That’s tough talk, and Strine supplied some juicy details about Goldman’s conduct to back it. For one thing, the chancellor wrote, Goldman’s lead El Paso banker, Steve Daniel, didn’t inform El Paso that he personally had a $340,000 investment in Kinder Morgan. According to Strine, Goldman and El Paso also structured the fee arrangement for Morgan Stanley — the financial adviser the board engaged for the Kinder Morgan negotiations in order to wall off Goldman — so that Morgan Stanley was only paid if El Paso agreed to the acquisition. And Goldman chairman Lloyd Blankfein, Strine wrote, made a really peculiar call to El Paso CEO Foshee to assure Goldman’s continued role as an El Paso adviser. Strine quoted from the “obsequious” draft script Steve Daniel prepared for Blankfein: “Hello Doug — it’s been a long time since we have had the chance to visit/[I] wanted to reach out and say thank you for everything from [Goldman] …./You have been very good to [Goldman] in having us help on all kinds of transactions over the years …./And of course I was very pleased you reached out to us on this most recent matter [the Kinder Morgan proposal].”

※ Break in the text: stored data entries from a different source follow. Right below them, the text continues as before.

lemma pmf_blanket_le_exp_pmf_blanket:
  fixes q a b \<epsilon> t :: real
  assumes "0 \<le> q" "a \<in> {q..1 - q}" "b \<in> {q..1 - q}" "0 \<le> \<epsilon>"
    and "4 * t \<le> real m + 1" "8 * (1 - 2 * q) * t \<le> \<epsilon> * (real m + 1)"
    and s: "1 \<le> s" "s \<le> m" "\<bar>2 * real s - (real m + 1)\<bar> \<le> 2 * t"
  shows "pmf (blanket m (bernoulli_pmf a)) s \<le> exp \<epsilon> * pmf (blanket m (bernoulli_pmf b)) s"
proof -
  define B where "B = binomial_pmf m (1/2)"
  define x where "x = real s"
  define w where "w = real m + 1 - real s"
  have xw: "(real m + 1) / 4 \<le> x" "(real m + 1) / 4 \<le> w"
    using assms(5) s(3) by (auto simp: x_def w_def abs_le_iff)
  have "(1 - 2 * q) * \<bar>x - w\<bar> \<le> (1 - 2 * q) * (2 * t)"
    using assms(2) s(3) by (intro mult_left_mono) (auto simp: x_def w_def)
  also have "\<dots> \<le> \<epsilon> * ((real m + 1) / 4)"
    using assms(6) by (simp add: algebra_simps)
  also have "\<dots> \<le> \<epsilon> * min x w"
    using xw assms(4) by (intro mult_left_mono) auto
  finally have mix: "a * x + (1 - a) * w \<le> exp \<epsilon> * (b * x + (1 - b) * w)"
    using xw by (intro mixture_le_exp_mixture[OF assms(1-3) _ _ assms(4)]) auto
  define c where "c = pmf B s / w"
  have "0 < w" "0 \<le> c" using s by (auto simp: w_def c_def)
  have "pmf (map_pmf Suc B) s = pmf B (s - 1)"
    using s(1) pmf_map_inj'[of Suc B "s - 1"] by simp
  also have "\<dots> = c * x"
    using pmf_binomial_half_ratio[OF s(1,2), folded B_def w_def x_def] \<open>0 < w\<close>
    by (simp add: c_def field_simps)
  finally have pmf_eq: "pmf (blanket m (bernoulli_pmf a')) s = c * (a' * x + (1 - a') * w)"
    if "a' \<in> {0..1}" for a'
    using that \<open>0 < w\<close> by (simp add: blanket_bernoulli pmf_bind_bernoulli_if B_def[symmetric] c_def
        field_simps)
  show ?thesis
    using assms(1-3) mult_left_mono[OF mix \<open>0 \<le> c\<close>] by (simp add: pmf_eq algebra_simps)
qed

text \<open>Inside a window of half-width \<open>t\<close> around the mean the likelihood ratio of the two blankets is
  at most \<open>e\<^sup>\<epsilon>\<close>; Hoeffding's inequality bounds the mass outside it.\<close>

lemma hockey_stick_blanket_le_hoeffding:
  fixes q a b \<epsilon> t :: real
  assumes "0 \<le> q" "a \<in> {q..1 - q}" "b \<in> {q..1 - q}" "0 \<le> \<epsilon>"
    and "0 < m" "1/2 \<le> t" "4 * t \<le> real m + 1" "8 * (1 - 2 * q) * t \<le> \<epsilon> * (real m + 1)"
  shows "hockey_stick (exp \<epsilon>) (blanket m (bernoulli_pmf a)) (blanket m (bernoulli_pmf b))
    \<le> 2 * exp (- 2 * (t - 1/2)\<^sup>2 / real m)"
proof -
  define B where "B = binomial_pmf m (1/2)"
  define W where "W = {s. 1 \<le> s \<and> s \<le> m \<and> \<bar>2 * real s - (real m + 1)\<bar> \<le> 2 * t}"
  define T where "T = {k. t - 1/2 \<le> \<bar>real k - real m / 2\<bar>}"
  have tail: "measure_pmf.prob B A \<le> measure_pmf.prob B T" if "\<And>k. k \<le> m \<Longrightarrow> k \<in> A \<Longrightarrow> k \<in> T" for A
  proof -
    have "measure_pmf.prob B A = measure_pmf.prob B (A \<inter> set_pmf B)"
      by (simp add: measure_Int_set_pmf)
    also have "\<dots> \<le> measure_pmf.prob B T"
      using that by (intro measure_pmf.finite_measure_mono) (auto simp: B_def)
    finally show ?thesis .
  qed
  have "a \<in> {0..1}" using assms(1,2) by auto
  have "hockey_stick (exp \<epsilon>) (blanket m (bernoulli_pmf a)) (blanket m (bernoulli_pmf b))
      \<le> measure_pmf.prob (blanket m (bernoulli_pmf a)) (- W)"
    using pmf_blanket_le_exp_pmf_blanket[OF assms(1-4,7,8)] by (intro hockey_stick_le_prob) (auto simp: W_def)
  also have "\<dots> = a * measure_pmf.prob B (Suc -` (- W)) + (1 - a) * measure_pmf.prob B (- W)"
    using \<open>a \<in> {0..1}\<close> by (simp add: blanket_bernoulli prob_bind_bernoulli_if B_def)
  also have "\<dots> \<le> a * measure_pmf.prob B T + (1 - a) * measure_pmf.prob B T"
    using \<open>a \<in> {0..1}\<close> assms(7)
    by (intro add_mono mult_left_mono tail) (auto simp: W_def T_def abs_if split: if_splits)
  also have "\<dots> \<le> 2 * exp (- 2 * (t - 1/2)\<^sup>2 / real m)"
    using binomial_distribution.prob_abs_ge[of "1/2" m "t - 1/2"] assms(5,6)
    by (simp add: binomial_distribution_def B_def T_def algebra_simps)
  finally show ?thesis .
qed

section \<open>Averaging over the number of coins\<close>

lemma sum_binomial_pmf_half_power:
  assumes "p \<in> {0..1}"
  shows "(\<Sum>k\<le>N. pmf (binomial_pmf N p) k * (1/2) ^ k) = (1 - p/2) ^ N"
proof -
  have "(\<Sum>k\<le>N. pmf (binomial_pmf N p) k * (1/2) ^ k) = (\<Sum>k\<le>N. real (N choose k) * (p/2) ^ k * (1 - p) ^ (N - k))"
    using assms by (simp add: power_mult_distrib power_divide algebra_simps)
  also have "\<dots> = (p/2 + (1 - p)) ^ N"
    by (subst binomial_ring) (simp add: atLeast0AtMost)
  finally show ?thesis by simp
qed

text \<open>A multiplicative Chernoff bound for the lower tail, via Markov's inequality for \<open>2\<^sup>-\<^sup>k\<close>.\<close>

lemma prob_binomial_pmf_le_quarter_mean:
  assumes "p \<in> {0..1}"
  shows "measure_pmf.prob (binomial_pmf N p) {k. real k \<le> real N * p / 4} \<le> exp (- (real N * p / 4))"
proof -
  define B where "B = binomial_pmf N p"
  define a where "a = real N * p / 4"
  have "0 \<le> a" using assms by (simp add: a_def)
  have "set_pmf B \<subseteq> {..N}"
    using assms by (auto simp: B_def set_pmf_binomial_eq)
  then have "measure_pmf.prob B {k. real k \<le> a} \<le> measure_pmf.prob B ({..N} \<inter> {k. real k \<le> a})"
    by (subst measure_Int_set_pmf[symmetric]) (intro measure_pmf.finite_measure_mono, auto)
  also have "\<dots> = (\<Sum>k\<le>N. if real k \<le> a then pmf B k else 0)"
    by (simp add: measure_measure_pmf_finite sum.inter_restrict)
  also have "\<dots> \<le> (\<Sum>k\<le>N. pmf B k * (2 powr a * (1/2) ^ k))"
  proof (intro sum_mono)
    fix k
    have "1 \<le> 2 powr a * (1/2) ^ k" if "real k \<le> a"
      using that by (simp add: powr_realpow[symmetric] field_simps)
    then show "(if real k \<le> a then pmf B k else 0) \<le> pmf B k * (2 powr a * (1/2) ^ k)"
      using mult_left_mono[of 1 _ "pmf B k"] by auto
  qed
  also have "\<dots> = 2 powr a * (1 - p/2) ^ N"
    unfolding sum_binomial_pmf_half_power[OF assms, of N, symmetric] B_def
    by (simp add: sum_distrib_left mult.left_commute)
  also have "\<dots> \<le> exp a * exp (- p/2) ^ N"
  proof (intro mult_mono power_mono)
    show "2 powr a \<le> exp a"
      using \<open>0 \<le> a\<close> ln_2_less_1 by (simp add: powr_def mult_left_le)
    show "1 - p/2 \<le> exp (- p/2)"
      using exp_ge_add_one_self[of "- p/2"] by simp
  qed (use assms in auto)
  also have "\<dots> = exp (- a)"
    by (simp add: a_def exp_of_nat_mult[symmetric] exp_add[symmetric])
  finally show ?thesis by (simp add: B_def a_def)
qed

Goldman was only making $20 million in advisory fees (and a spot in M&A league tables) from El Paso, Strine wrote. So the bank’s strenuous efforts to make sure El Paso accepted Kinder Morgan’s offer certainly appeared to be motivated by the benefits the deal would bring to Kinder Morgan — thus enhancing Goldman’s $4 billion stake in Kinder. “Goldman’s claim that it was capable of putting aside its $4 billion investment in Kinder Morgan when advising El Paso on its strategic options is hard to square with the record evidence demonstrating the lengths to which Goldman would go to secure an advisory fee of $20 million from El Paso — a fraction of the dollar size of its Kinder Morgan investment — in connection with the merger,” Strine wrote. “At this stage, I am unwilling to view Goldman as exemplifying an Emersonian non-foolishly inconsistent approach to greed, one that involves seeking lucre in a conflicted situation while simultaneously putting the chance for greater lucre out of its ‘collective’ mind.” (I think he was refering to the philospher Ralph Waldo Emerson.)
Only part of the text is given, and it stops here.